Rouben D, Arias F
Department of Obstetrics and Gynecology, St. John's Mercy Medical Center, St. Louis, Missouri.
Obstet Gynecol. 1993 Aug;82(2):290-4.
To compare the efficacy of extra-amniotic saline solution infusion plus an intracervical Foley catheter balloon versus 2.85 mg prostaglandin (PG) E2 vaginal gel in ripening the cervix, inducing labor, and achieving vaginal delivery in patients at term with an unfavorable cervix.
A randomized study of the two methods was performed in 112 patients with a Bishop score of 5 or less.
Extra-amniotic saline infusion plus intracervical Foley catheter balloon was more effective than PGE2 vaginal gel in causing cervical ripening (relative risk [RR] 2.5965, 95% confidence interval [CI] 1.7277-3.9022, exact two-tailed P = .000001) and in inducing labor (RR 4.3333, 95% CI 1.7223-10.9026, exact two-tailed P = .0000181). However, the final delivery outcome was an equally high number of cesarean deliveries (26 of 56, or 46.4%) for both methods.

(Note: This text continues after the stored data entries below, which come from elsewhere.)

definition basis3 :: "('n \<Rightarrow> 3) \<Rightarrow> 'n vec3" where
  "basis3 y = (\<lambda>z. if z = y then 1 else 0)"

definition change_op :: "3 \<Rightarrow> 3 \<Rightarrow> ('n::finite) vec3 \<Rightarrow> 'n vec3" where
  "change_op a b v = (\<lambda>z. \<Sum>y\<in>UNIV. v y *
      (\<Sum>k\<in>{k. y k = a}. basis3 (y(k := b)) z))"

definition R1 :: "('n::finite) vec3 \<Rightarrow> 'n vec3" where "R1 = change_op 0 1"
definition R2 :: "('n::finite) vec3 \<Rightarrow> 'n vec3" where "R2 = change_op 1 2"
definition L1 :: "('n::finite) vec3 \<Rightarrow> 'n vec3" where "L1 = change_op 1 0"
definition L2 :: "('n::finite) vec3 \<Rightarrow> 'n vec3" where "L2 = change_op 2 1"
definition L3 :: "('n::finite) vec3 \<Rightarrow> 'n vec3" where "L3 = change_op 2 0"

text \<open>Number of coordinates of y equal to a (so the type of y is (cnt 0, cnt 1, cnt 2)).\<close>
definition cnt :: "3 \<Rightarrow> ('n::finite \<Rightarrow> 3) \<Rightarrow> nat" where
  "cnt a y = card {k. y k = a}"

definition H1 :: "('n::finite) vec3 \<Rightarrow> 'n vec3" where
  "H1 v = (\<lambda>y. (of_int (int (cnt 0 y) - int (cnt 1 y))) * v y)"
definition H2 :: "('n::finite) vec3 \<Rightarrow> 'n vec3" where
  "H2 v = (\<lambda>y. (of_int (int (cnt 1 y) - int (cnt 2 y))) * v y)"

definition smul3 :: "complex \<Rightarrow> 'n vec3 \<Rightarrow> 'n vec3" (infixr "\<cdot>\<^sub>V" 75) where
  "c \<cdot>\<^sub>V v = (\<lambda>y. c * v y)"
definition zero3 :: "'n vec3" ("0\<^sub>V") where "0\<^sub>V = (\<lambda>y. 0)"

end

theory Submission
  imports Defs
begin

text \<open>The operators satisfy the commutation relations of \<open>sl(3)\<close>: \<open>L3 = [L1, L2]\<close>,
  \<open>[L3, R1] = -L2\<close>, \<open>[L3, R2] = L1\<close>, \<open>[L2, R1] = [L1, R2] = 0\<close>, \<open>[L1, R1] = H1\<close>,
  \<open>[L2, R2] = H2\<close>, \<open>[H1, R1] = -2 R1\<close> and \<open>[H2, R2] = -2 R2\<close>, all instances of one
  formula for the commutator of two coordinate-changing operators.  Hence \<open>L3 v = 0\<close>, and
  pushing \<open>L3\<close> through a power of \<open>R1\<close> (resp. \<open>R2\<close>) leaves a multiple of \<open>L2\<close>
  (resp. \<open>L1\<close>), whose action on \<open>R2\<^sup>j v\<close> (resp. \<open>R1\<^sup>i v\<close>) is the classical
  \<open>sl(2)\<close> computation for a highest weight vector.\<close>

lemma sum_Collect_eq_sum_If:
  "(\<Sum>k | P k. g k) = (\<Sum>k\<in>(UNIV::('a::finite) set). if P k then g k else 0)"
  by (simp add: sum.If_cases)

lemma change_op_apply:
  fixes v :: "('n::finite) vec3"
  assumes "a \<noteq> b"
  shows "change_op a b v z = (\<Sum>k | z k = b. v (z(k := a)))"
proof -
  have preimage: "(y k = a \<and> z = y(k := b)) \<longleftrightarrow> (z k = b \<and> y = z(k := a))" for y k
    using assms by (metis fun_upd_same fun_upd_upd fun_upd_triv)
  have "change_op a b v z = (\<Sum>y\<in>UNIV. \<Sum>k\<in>UNIV. if y k = a \<and> z = y(k := b) then v y else 0)"
    unfolding change_op_def basis3_def
    by (simp add: sum_distrib_left sum_Collect_eq_sum_If) (intro sum.cong refl; simp)
  also have "\<dots> = (\<Sum>k\<in>UNIV. \<Sum>y\<in>UNIV. if z k = b \<and> y = z(k := a) then v y else 0)"
    by (subst sum.swap) (simp only: preimage)
  also have "\<dots> = (\<Sum>k | z k = b. v (z(k := a)))"
    unfolding sum_Collect_eq_sum_If by (rule sum.cong) auto
  finally show ?thesis .
qed

lemma change_op_change_op:
  fixes v :: "('n::finite) vec3"
  assumes "a \<noteq> b" "c \<noteq> d"
  shows "change_op c d (change_op a b v) z =
     (if c = b then (\<Sum>k | z k = d. v (z(k := a))) else 0)
     + (\<Sum>k | z k = d. \<Sum>l | l \<noteq> k \<and> z l = b. v (z(k := c, l := a)))"
proof -
  have "{l. (z(k := c)) l = b} = (if c = b then insert k else id) {l. l \<noteq> k \<and> z l = b}" for k
    by auto
  then show ?thesis
    using assms by (simp add: change_op_apply sum.distrib if_distrib cong: if_cong)
qed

Maternal and neonatal complications were minimal and not significantly different.
Extra-amniotic saline infusion with a Foley catheter was more effective than 2.85 mg PGE2 vaginal gel in ripening the cervix and inducing labor. These advantages did not translate into a large number of vaginal deliveries, indicating that factors other than cervical ripening may be responsible for the high incidence of cesarean in patients with an unfavorable cervix.
比较羊膜外输注生理盐水加宫颈 Foley 导管球囊与 2.85mg 前列腺素(PG)E2 阴道凝胶在足月宫颈条件不佳患者中促宫颈成熟、引产及实现阴道分娩的疗效。
对 112 例 Bishop 评分≤5 分的患者进行了这两种方法的随机研究。
羊膜外输注生理盐水加宫颈 Foley 导管球囊在促宫颈成熟方面(相对危险度[RR]2.5965,95%可信区间[CI]1.7277 - 3.9022,双侧精确 P = 0.000001)和引产方面(RR 4.3333,95%CI 1.7223 - 10.9026,双侧精确 P = 0.0000181)比 PGE2 阴道凝胶更有效。然而,两种方法最终的分娩结局剖宫产数量相同(56 例中有 26 例,即 46.4%)。母婴并发症极少且无显著差异。
羊膜外输注生理盐水加 Foley 导管在促宫颈成熟和引产方面比 2.85mg PGE2 阴道凝胶更有效。但这些优势并未转化为大量的阴道分娩,这表明除宫颈成熟外的其他因素可能是宫颈条件不佳患者剖宫产率高的原因。